Categories
MS

Dream issues

One of the more nefarious effects of MS is how it affects your brain. There are the periods of brain fog where it is just difficult to think. I’ve also recently been having some rather vivid dreams. So far, they have just been standard dream fare, nothing too good or bad, but they are really life like. This morning, I dreamt that I had been visited by some friends of mine from back home and they brought some tube amps with them! The trouble was that they had woken me up and I needed to get ready for work. I spent the entire dream coughing (I had a cold) and trying to stave off sleep because they had woken me up early.

Here’s the problem, when I woke up, I took those feelings with me. I felt exhausted, and it took me a while to appreciate that I wasn’t coughing. I do have a runny nose, so maybe that made me cough in my dream. The big issue was that my dream felt quite a bit more “real” than my waking hours. This happened to me last week too. I drove to work, and I remember thinking that at any time i was going to wake up. I only lasted a couple of hours at work before I gave up.

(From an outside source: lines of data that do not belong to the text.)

(* If two patterns $\pi$ and $\pi'$ of length $k$ are super-strongly c-forest-Wilf equivalent, then $\pi'=\pi$ or $\pi'=\overline\pi$.
   Context: A pattern of length $k$ is a permutation of $[k]$; its complement is $\overline\pi=(k+1-\pi(1))\cdots(k+1-\pi(k))$. Rooted forests are unordered, each component having a distinguished root. A consecutive instance of $\pi$ in a labeled rooted forest is a downward path of $k$ vertices $v_1,\dots,v_k$ ($v_i$ the parent of $v_{i+1}$) whose labels are in the same relative order as $\pi$. Patterns $\pi,\pi'$ of length $k$ are super-strongly c-forest-Wilf equivalent if for every unlabeled rooted forest $F$ on $n$ vertices and every set $S$ of downward paths of $k$ vertices in $F$, the number of ways to label the vertices of $F$ with distinct labels from $[n]$ such that $S$ is exactly the set of consecutive instances of $\pi$ equals the number of such labelings for which $S$ is exactly the set of consecutive instances of $\pi'$. *)

theory Defs
  imports Main "HOL-Library.FuncSet"
begin

definition is_pattern :: "nat \<Rightarrow> nat list \<Rightarrow> bool" where
  "is_pattern k p \<longleftrightarrow> length p = k \<and> set p = {1..k}"

definition complement :: "nat \<Rightarrow> nat list \<Rightarrow> nat list" where
  "complement k p = map (\<lambda>x. k + 1 - x) p"

text \<open>An unlabeled rooted forest on the vertex set {0..<n}, given by a parent map:
  roots have parent None, every other vertex has a parent in {0..<n}, and the
  child-parent relation is well-founded (no cycles).\<close>
definition rooted_forest :: "nat \<Rightarrow> (nat \<Rightarrow> nat option) \<Rightarrow> bool" where
  "rooted_forest n par \<longleftrightarrow>
     (\<forall>v<n. \<forall>u. par v = Some u \<longrightarrow> u < n) \<and>
     wf {(u, v). v < n \<and> par v = Some u}"

definition downward_path :: "nat \<Rightarrow> (nat \<Rightarrow> nat option) \<Rightarrow> nat \<Rightarrow> nat list \<Rightarrow> bool" where
  "downward_path n par k vs \<longleftrightarrow> length vs = k \<and> set vs \<subseteq> {0..<n} \<and>
     (\<forall>i. i + 1 < k \<longrightarrow> par (vs ! (i + 1)) = Some (vs ! i))"

definition labelings :: "nat \<Rightarrow> (nat \<Rightarrow> nat) set" where
  "labelings n = {L. L \<in> {0..<n} \<rightarrow>\<^sub>E {1..n} \<and> inj_on L {0..<n}}"

definition same_order :: "nat list \<Rightarrow> nat list \<Rightarrow> bool" where
  "same_order xs p \<longleftrightarrow> length xs = length p \<and>
     (\<forall>i<length p. \<forall>j<length p. xs ! i < xs ! j \<longleftrightarrow> p ! i < p ! j)"

definition consec_instances ::
  "nat \<Rightarrow> (nat \<Rightarrow> nat option) \<Rightarrow> (nat \<Rightarrow> nat) \<Rightarrow> nat list \<Rightarrow> nat list set" where
  "consec_instances n par L p =
     {vs. downward_path n par (length p) vs \<and> same_order (map L vs) p}"

definition super_strongly_cfw_equiv :: "nat \<Rightarrow> nat list \<Rightarrow> nat list \<Rightarrow> bool" where
  "super_strongly_cfw_equiv k p p' \<longleftrightarrow>
     (\<forall>n par S. rooted_forest n par \<longrightarrow> S \<subseteq> {vs. downward_path n par k vs} \<longrightarrow>
        card {L \<in> labelings n. consec_instances n par L p = S} =
        card {L \<in> labelings n. consec_instances n par L p' = S})"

So I called in today to tell them that I will at the very least be late. We’ll see how long this feeling will last today, the last time I was OK by 5 or so. I wonder if this is a side effect of my new medicine? In any case, it’s unnerving.

Categories
medical MS

New medicine

I’ve been happy with the Tysabri infusions for my MS. They seem to clear my head and give me more energy. Tysabri’s primary goal is to prevent new lesions and relapses, the other stuff is just a bonus. So that’s been going pretty well, we’ll see if it has stopped new lesions from forming when I get my next MRI’s done. In the meantime, I’m still having issues walking around…

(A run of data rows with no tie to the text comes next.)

(* Define $\phi:\mathrm{PSL}(2,\mathbb{Z})\to\mathbb{C}$ by $\phi(\gamma)=(\mathcal{R}(\gamma;z_q)+2\lambda^2)\,f(\gamma z_q)$, where $f(w)=\frac{i(w-z_q)}{w-\overline{z_q}}$. Then every point in the image of $\phi$ has exactly $|\mathrm{Stab}_{\mathrm{PSL}(2,\mathbb{Z})}(z_q)|$ preimages, and this number equals $\frac12|\mathcal{O}_K^\times|$.
   Context: Let $q\in\{3,4,7,8,11,19,43,67,163\}$, $K$ the imaginary quadratic field of discriminant $-q$ (class number one), $\mathcal{O}_K$ its ring of integers, $\mathcal{O}_K^\times$ its unit group. Let $z_q=\mu+i\lambda$ with $\mu=0$ if $q\in\{4,8\}$, $\mu=1/2$ otherwise, $\lambda=\sqrt{q}/2$. $\mathbb{H}$ is the upper half-plane with hyperbolic distance $\rho$, $\cosh\rho(z,w)=1+\frac{|z-w|^2}{2\,\mathrm{Im}(z)\mathrm{Im}(w)}$, and $\mathrm{PSL}(2,\mathbb{Z})$ acts by Möbius transformations; $\mathcal{R}(\gamma;z_q)=2\lambda^2\cosh\rho(z_q,\gamma z_q)$. *)

theory Defs
  imports "HOL-Analysis.Analysis" "HOL-Computational_Algebra.Polynomial"
begin

type_synonym mat2 = "int \<times> int \<times> int \<times> int"   (* (a,b,c,d) = [[a,b],[c,d]] *)

definition SL2Z :: "mat2 set" where
  "SL2Z = {(a,b,c,d). a*d - b*c = 1}"

definition mneg :: "mat2 \<Rightarrow> mat2" where
  "mneg M = (case M of (a,b,c,d) \<Rightarrow> (-a,-b,-c,-d))"

definition PSL2Z :: "mat2 set set" where
  "PSL2Z = {{M, mneg M} | M. M \<in> SL2Z}"
lemma count_diff_mset_by_minuend:
  assumes "A \<subseteq> zn v" "B \<subseteq> zn v" "d \<in> zn v"
  shows "count (diff_mset v A B) d = card {a \<in> A. (a - d) mod int v \<in> B}"
proof -
  have "{(a, b) \<in> A \<times> B. (a - b) mod int v = d} = (\<lambda>a. (a, (a - d) mod int v)) ` {a \<in> A. (a - d) mod int v \<in> B}"
  proof (intro equalityI subsetI)
    fix x assume "x \<in> {(a, b) \<in> A \<times> B. (a - b) mod int v = d}"
    then obtain a b where "x = (a, b)" "a \<in> A" "b \<in> B" "(a - b) mod int v = d" by blast
    moreover from this have "(a - d) mod int v = b"
      using \<open>B \<subseteq> zn v\<close> by (auto simp: zn_def mod_diff_right_eq)
    ultimately show "x \<in> (\<lambda>a. (a, (a - d) mod int v)) ` {a \<in> A. (a - d) mod int v \<in> B}"
      by (intro image_eqI[of _ _ a]) simp_all
  qed (use \<open>d \<in> zn v\<close> in \<open>auto simp: zn_def mod_diff_right_eq\<close>)
  then show ?thesis
    using count_diff_mset[OF assms(1,2)] by (simp add: card_image inj_on_def)
qed

lemma diff_mset_eq_repeat_zn:
  assumes "v > 0" and "\<And>d. d \<in> zn v \<Longrightarrow> count (diff_mset v A B) d = c"
  shows "diff_mset v A B = repeat_mset c (mset_set (zn v))"
proof (rule multiset_eqI)
  fix d
  have "finite (zn v)"
    by (simp add: zn_def)
  moreover have "d \<notin> zn v \<Longrightarrow> count (diff_mset v A B) d = 0"
    using set_diff_mset_subset_zn[OF \<open>v > 0\<close>, of A B] by (auto simp: not_in_iff[symmetric])
  ultimately show "count (diff_mset v A B) d = count (repeat_mset c (mset_set (zn v))) d"
    using assms(2) by (cases "d \<in> zn v") simp_all
qed
(* If sigma moves n+1, it comes from the first branch of extend_dbar.  Otherwise sigma = (a, n) s
   either with a = sigma n and s in Dbar (n - 1), or with a = inv sigma n the only fixed point of
   s in Dbar n; the first case occurs iff (sigma n, n) sigma has a fixed point below n, which is
   the condition tested. *)
definition split_dbar :: "nat \<Rightarrow> (nat \<Rightarrow> nat) \<Rightarrow> ((nat \<Rightarrow> nat) + (nat \<Rightarrow> nat)) \<times> nat" where
  "split_dbar n \<sigma> =
     (if \<sigma> (Suc n) \<noteq> Suc n then (Inl (transpose (\<sigma> (Suc n)) (Suc n) \<circ> \<sigma>), \<sigma> (Suc n))
      else if (\<exists>i\<in>{1..n-1}. \<sigma> i = i) \<or> (\<sigma> (\<sigma> n) = n \<and> \<sigma> n \<noteq> n)
      then (Inr (transpose (\<sigma> n) n \<circ> \<sigma>), \<sigma> n)
      else (Inl (transpose (inv \<sigma> n) n \<circ> \<sigma>), inv \<sigma> n))"

lemma transpose_comp_cancel [simp]: "transpose a b \<circ> (transpose a b \<circ> s) = s"
  by (simp flip: comp_assoc)

lemma transpose_comp_fixed_iff: "(transpose a b \<circ> s) i = i \<longleftrightarrow> s i = transpose a b i"
  by (metis comp_apply transpose_involutory)

lemma transpose_comp_permutes:
  "s permutes S \<Longrightarrow> S \<subseteq> T \<Longrightarrow> a \<in> T \<Longrightarrow> b \<in> T \<Longrightarrow> transpose a b \<circ> s permutes T"
  by (meson permutes_compose permutes_subset permutes_swap_id)

lemma permutes_fix_last: "p permutes {1..Suc n} \<Longrightarrow> p (Suc n) = Suc n \<Longrightarrow> p permutes {1..n}"
  by (rule permutes_superset) (auto simp: le_Suc_eq)

lemma extend_dbar_Inl_moved:
  assumes s: "s \<in> Dbar n" and a: "a \<in> {1..n}" and i: "i \<in> {1..n}" "s i = i" "i \<noteq> a"
  defines "\<sigma> \<equiv> extend_dbar n (Inl s, a)"
  shows "\<sigma> \<in> Dbar (Suc n)" and "split_dbar n \<sigma> = (Inl s, a)"
proof -
  have sp: "s permutes {1..n}" using s by (simp add: Dbar_def)
  have \<sigma>: "\<sigma> = transpose a (Suc n) \<circ> s" using i by (auto simp: \<sigma>_def)
  have "\<sigma> permutes {1..Suc n}" unfolding \<sigma> using sp a by (auto intro: transpose_comp_permutes)
  moreover have "\<sigma> i = i" using i by (simp add: \<sigma>)
  ultimately show "\<sigma> \<in> Dbar (Suc n)" using i by (auto simp: Dbar_def)
  have "\<sigma> (Suc n) = a" using permutes_not_in[OF sp, of "Suc n"] by (simp add: \<sigma>)
  then show "split_dbar n \<sigma> = (Inl s, a)" using a by (simp add: split_dbar_def \<sigma>)
qed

I had originally gone to the neurologist in order to get some medicine to help strengthen my legs. People had been repurposing a drug that was designed to help people overcome opiate addiction for this. It’s called 4AP and has been around forever. There are very few side effects and you can get generic versions for pretty cheap. There’s a bit of a catch though. The dosage for MS is so much lower that you can’t reliably break pills to get accurate dosages. So you have to go through a compounding pharmacy. The other thing is that since it wasn’t cleared by the FDA for use with MS, insurance wouldn’t pay for it.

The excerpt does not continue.